■ **Extracted information**:

lemma mult_mem_cyclo_class_iff:
  fixes \<gamma> :: "'a::{finite,field}"
  assumes "primitive_element \<gamma>" and "e dvd card (UNIV :: 'a set) - 1"
    and "x \<in> cyclo_class \<gamma> e i" and "y \<noteq> 0"
  shows "x * y \<in> cyclo_class \<gamma> e (i + j) \<longleftrightarrow> y \<in> cyclo_class \<gamma> e j"
proof -
  obtain s where x: "x = \<gamma> ^ (i + e * s)" using assms(3) by (auto simp: cyclo_class_eq)
  obtain n where y: "y = \<gamma> ^ n" using assms(1,4) by (auto simp: primitive_element_def)
  have "x * y = \<gamma> ^ ((n + i) + e * s)" by (simp add: x y ac_simps flip: power_add)
  moreover have "(n + i) mod e = (j + i) mod e \<longleftrightarrow> n mod e = j mod e"
    by (simp add: nat_mod_eq_iff)
  ultimately show ?thesis
    using power_mem_cyclo_class_iff[OF assms(1,2)] by (simp add: y add.commute[of i])
qed

lemma ex1_cyclo_class_coset:
  fixes \<gamma> :: "'a::{finite,field}"
  assumes "primitive_element \<gamma>" and "e dvd card (UNIV :: 'a set) - 1"
    and "\<forall>k<e. a k \<in> cyclo_class \<gamma> e k" and "t \<noteq> 0"
  shows "\<exists>!k. k < e \<and> inverse (a k) * t \<in> cyclo_class \<gamma> e 0"
proof -
  have "e > 0" using assms(2) card_UNIV_field_ge_two[where 'a='a] by (cases e) auto
  obtain n where t: "t = \<gamma> ^ n" using assms(1,4) by (auto simp: primitive_element_def)
  have coset_iff: "inverse (a k) * t \<in> cyclo_class \<gamma> e 0 \<longleftrightarrow> k = n mod e" if "k < e" for k
  proof -
    have ak: "a k \<in> cyclo_class \<gamma> e k" using assms(3) that by blast
    then have "a k \<noteq> 0"
      using zero_notin_cyclo_class[OF primitive_element_nonzero[OF assms(1)]] by auto
    then have cancel: "a k * (inverse (a k) * t) = t" and "inverse (a k) * t \<noteq> 0"
      using assms(4) by simp_all
    then have "inverse (a k) * t \<in> cyclo_class \<gamma> e 0 \<longleftrightarrow> t \<in> cyclo_class \<gamma> e k"
      using mult_mem_cyclo_class_iff[OF assms(1,2) ak, of "inverse (a k) * t" 0]
      unfolding cancel by simp
    also have "\<dots> \<longleftrightarrow> k = n mod e"
      using power_mem_cyclo_class_iff[OF assms(1,2)] that by (auto simp: t)
    finally show ?thesis .
  qed
  show ?thesis
    by (rule ex1I[of _ "n mod e"]) (use coset_iff \<open>e > 0\<close> in auto)
qed

lemma sum_affine_reindex:
  fixes g :: "'a::field \<Rightarrow> 'b::comm_monoid_add"
  assumes "\<sigma> \<noteq> 0"
  shows "(\<Sum>z\<in>UNIV. g (\<sigma> * z + c)) = sum g UNIV"
  by (rule sum.reindex_bij_witness[of _ "\<lambda>y. (y - c) / \<sigma>" "\<lambda>z. \<sigma> * z + c"])
    (use assms in auto)

lemma card_affine_preimage:
  fixes D :: "'a::field set"
  assumes "\<sigma> \<noteq> 0"
  shows "card {z. \<sigma> * z + c \<in> D} = card D"
proof (rule bij_betw_same_card)
  show "bij_betw (\<lambda>z. \<sigma> * z + c) {z. \<sigma> * z + c \<in> D} D"
    by (rule bij_betw_byWitness[where f' = "\<lambda>y. (y - c) / \<sigma>"]) (use assms in auto)
qed

definition coset_block_matrix :: "'a::field set \<Rightarrow> (nat \<Rightarrow> 'a) \<Rightarrow> nat \<times> 'a \<Rightarrow> nat \<times> 'a \<Rightarrow> int"
  where "coset_block_matrix D b u w =
    of_bool (snd u - inverse (b (fst u)) * b (fst w) * snd w \<in> D)"

lemma coset_block_matrix_Pair:
  "coset_block_matrix D b (i, x) (j, y) = of_bool (x - inverse (b i) * b j * y \<in> D)"
  by (simp add: coset_block_matrix_def)

lemma block_adj_eq_coset_block_matrix:
  "block_adj \<gamma> e a = coset_block_matrix (cyclo_class \<gamma> e 0) a"
proof (intro ext)
  have "x \<in> {\<sigma> * y + d | d. d \<in> D} \<longleftrightarrow> x - \<sigma> * y \<in> D" for x y \<sigma> :: 'a and D
    by (auto simp: algebra_simps) (metis add_diff_cancel_left' diff_add_cancel)
  then show "block_adj \<gamma> e a u w = coset_block_matrix (cyclo_class \<gamma> e 0) a u w" for u w
    by (simp add: block_adj_def C_mat_def coset_block_matrix_def mult.assoc)
qed

locale coset_partition =
  fixes D :: "'a::{finite,field} set" and e :: nat and b :: "nat \<Rightarrow> 'a"
  assumes zero_notin: "0 \<notin> D"
    and nonzero: "k < e \<Longrightarrow> b k \<noteq> 0"
    and ex1_coset: "t \<noteq> 0 \<Longrightarrow> \<exists>!k. k < e \<and> inverse (b k) * t \<in> D"
begin

abbreviation "A \<equiv> coset_block_matrix D b"

lemma card_cosets_containing: "card {k. k < e \<and> inverse (b k) * t \<in> D} = of_bool (t \<noteq> 0)"
proof (cases "t = 0")
  case False
  then obtain k where "k < e \<and> inverse (b k) * t \<in> D"
    and "\<And>l. l < e \<and> inverse (b l) * t \<in> D \<Longrightarrow> l = k"
    using ex1_coset by metis
  then have "{k. k < e \<and> inverse (b k) * t \<in> D} = {k}" by blast
  then show ?thesis using False by simp
qed (simp add: zero_notin)

lemma row_sum:
  assumes "i < e"
  shows "(\<Sum>w\<in>{0..<e} \<times> UNIV. A (i, x) w) = int (e * card D)"
proof -
  have "(\<Sum>y\<in>UNIV. A (i, x) (j, y)) = int (card D)" if "j < e" for j
  proof -
    have "- (inverse (b i) * b j) \<noteq> 0" using nonzero assms that by simp
    from card_affine_preimage[OF this, of x D] show ?thesis
      by (simp add: coset_block_matrix_Pair algebra_simps)
  qed
  then show ?thesis by (simp add: sum.cartesian_product')
qed

lemma col_sum: "(\<Sum>u\<in>{0..<e} \<times> UNIV. A u (j, y)) = int (e * card D)"
proof -
  have "(\<Sum>x\<in>UNIV. A (i, x) (j, y)) = int (card D)" for i
    using card_affine_preimage[of 1 "- (inverse (b i) * b j * y)" D]
    by (simp add: coset_block_matrix_Pair)
  then show ?thesis by (simp add: sum.cartesian_product')
qed

lemma square_entry:
  assumes "i < e"
  shows "(\<Sum>z\<in>{0..<e} \<times> UNIV. A (i, x) z * A z (j, y)) = int (card D) - A (i, x) (j, y)"
proof -
  define P where "P w = (of_bool (x - inverse (b i) * w \<in> D) :: int)" for w
  define Q where "Q k w = (of_bool (inverse (b k) * (w - b j * y) \<in> D) :: int)" for k w
  have substitute: "(\<Sum>z\<in>UNIV. A (i, x) (k, z) * A (k, z) (j, y)) = (\<Sum>w\<in>UNIV. P w * Q k w)"
    if "k < e" for k
  proof -
    have bk: "b k \<noteq> 0" using nonzero that .
    have "(\<Sum>z\<in>UNIV. A (i, x) (k, z) * A (k, z) (j, y))
        = (\<Sum>w\<in>UNIV. A (i, x) (k, inverse (b k) * w + 0) * A (k, inverse (b k) * w + 0) (j, y))"
      using sum_affine_reindex[of "inverse (b k)" "\<lambda>z. A (i, x) (k, z) * A (k, z) (j, y)" 0] bk
      by simp
    also have "\<dots> = (\<Sum>w\<in>UNIV. P w * Q k w)"
    proof (intro sum.cong refl)
      fix w
      have "inverse (b i) * b k * (inverse (b k) * w) = inverse (b i) * w"
        and "inverse (b k) * w - inverse (b k) * b j * y = inverse (b k) * (w - b j * y)"
        using bk by (simp_all add: field_simps)
      then show "A (i, x) (k, inverse (b k) * w + 0) * A (k, inverse (b k) * w + 0) (j, y)
          = P w * Q k w"
        by (simp only: coset_block_matrix_Pair P_def Q_def add_0_right)
    qed
    finally show ?thesis .
  qed
  have "(\<Sum>z\<in>{0..<e} \<times> UNIV. A (i, x) z * A z (j, y)) = (\<Sum>k\<in>{0..<e}. \<Sum>w\<in>UNIV. P w * Q k w)"
    by (simp add: sum.cartesian_product' substitute)
  also have "\<dots> = (\<Sum>w\<in>UNIV. P w * (\<Sum>k\<in>{0..<e}. Q k w))"
    by (simp add: sum.swap[of _ "{0..<e}"] sum_distrib_left)
  also have "\<dots> = (\<Sum>w\<in>UNIV. P w * of_bool (w \<noteq> b j * y))"
  proof -
    have "(\<Sum>k\<in>{0..<e}. Q k w) = of_bool (w - b j * y \<noteq> 0)" for w
      using card_cosets_containing[of "w - b j * y"]
      by (simp add: Q_def Int_def conj_commute)
    then show ?thesis by simp
  qed
  also have "\<dots> = (\<Sum>w\<in>UNIV. P w) - P (b j * y)"
  proof -
    have "{w. w \<noteq> b j * y} = UNIV - {b j * y}" by auto
    then show ?thesis by (simp add: sum_diff1)
  qed
  also have "(\<Sum>w\<in>UNIV. P w) = int (card D)"
    using card_affine_preimage[of "- inverse (b i)" x D] nonzero[OF assms]
    by (simp add: P_def)
  also have "P (b j * y) = A (i, x) (j, y)"
    by (simp add: P_def coset_block_matrix_Pair mult.assoc)
  finally show ?thesis .
qed

lemma diagonal_zero: "i < e \<Longrightarrow> A (i, x) (i, x) = 0"
  using zero_notin nonzero by (simp add: coset_block_matrix_Pair)

lemma is_dsrg_coset_block_matrix:
  "is_dsrg ({0..<e} \<times> UNIV) A
     (e * card (UNIV :: 'a set)) (e * card D) (card D) (card D - 1) (card D)"
  unfolding is_dsrg_def
proof (intro conjI ballI)
  show "card ({0..<e} \<times> (UNIV :: 'a set)) = e * card (UNIV :: 'a set)"
    by (simp add: card_cartesian_product)
  fix u w :: "nat \<times> 'a"
  assume "u \<in> {0..<e} \<times> UNIV" and "w \<in> {0..<e} \<times> UNIV"
  then obtain i x j y where u: "u = (i, x)" "i < e" and w: "w = (j, y)" by auto
  show "A u w = 0 \<or> A u w = 1" by (simp add: u w coset_block_matrix_Pair)
  show "(\<Sum>z\<in>{0..<e} \<times> UNIV. A u z * A z w) =
    int (card D) * (if u = w then 1 else 0) + int (card D - 1) * A u w
    + int (card D) * (1 - (if u = w then 1 else 0) - A u w)"
  proof (cases "A u w = 1")
    case True
    then have "D \<noteq> {}" by (auto simp: u w coset_block_matrix_Pair)
    then have "int (card D - 1) = int (card D) - 1" by (simp add: card_gt_0_iff Suc_le_eq)
    with True show ?thesis using diagonal_zero u w square_entry by auto
  next
    case False
    then have "A u w = 0" by (simp add: u w coset_block_matrix_Pair)
    then show ?thesis using diagonal_zero u w square_entry by auto
  qed
qed (auto simp: diagonal_zero row_sum col_sum)

end

theorem mainTheorem11:
  fixes \<gamma> :: "'a::{finite,field}" and e m :: nat and a :: "nat \<Rightarrow> 'a"
  assumes "primitive_element \<gamma>"
    and "e > 0" and "m > 0"
    and "card (UNIV :: 'a set) = e * m + 1"
    and "a 0 = 1"
    and "\<forall>i<e. a i \<in> cyclo_class \<gamma> e i"
  shows "is_dsrg ({0..<e} \<times> (UNIV :: 'a set)) (block_adj \<gamma> e a)
           (e * (e * m + 1)) (e * m) m (m - 1) m"
proof -
  have dvd: "e dvd card (UNIV :: 'a set) - 1" using assms(4) by simp
  have zero_notin: "0 \<notin> cyclo_class \<gamma> e i" for i
    using zero_notin_cyclo_class[OF primitive_element_nonzero[OF assms(1)]] .
  interpret coset_partition "cyclo_class \<gamma> e 0" e a
  proof
    show "k < e \<Longrightarrow> a k \<noteq> 0" for k using assms(6) zero_notin by metis
  qed (use zero_notin ex1_cyclo_class_coset[OF assms(1) dvd assms(6)] in auto)
  have "card (cyclo_class \<gamma> e 0) = m"
    using card_cyclo_class_zero[OF assms(1) dvd] assms(2,4) by simp
  then show ?thesis
    using is_dsrg_coset_block_matrix assms(4)
    by (simp add: block_adj_eq_coset_block_matrix)
qed

end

■ **The task**: The lines above that hold the word "finite" should be found and copied out.

■ **Expected output**:
  fixes \<gamma> :: "'a::{finite,field}"
  fixes \<gamma> :: "'a::{finite,field}"
  fixes D :: "'a::{finite,field} set" and e :: nat and b :: "nat \<Rightarrow> 'a"
  fixes \<gamma> :: "'a::{finite,field}" and e m :: nat and a :: "nat \<Rightarrow> 'a"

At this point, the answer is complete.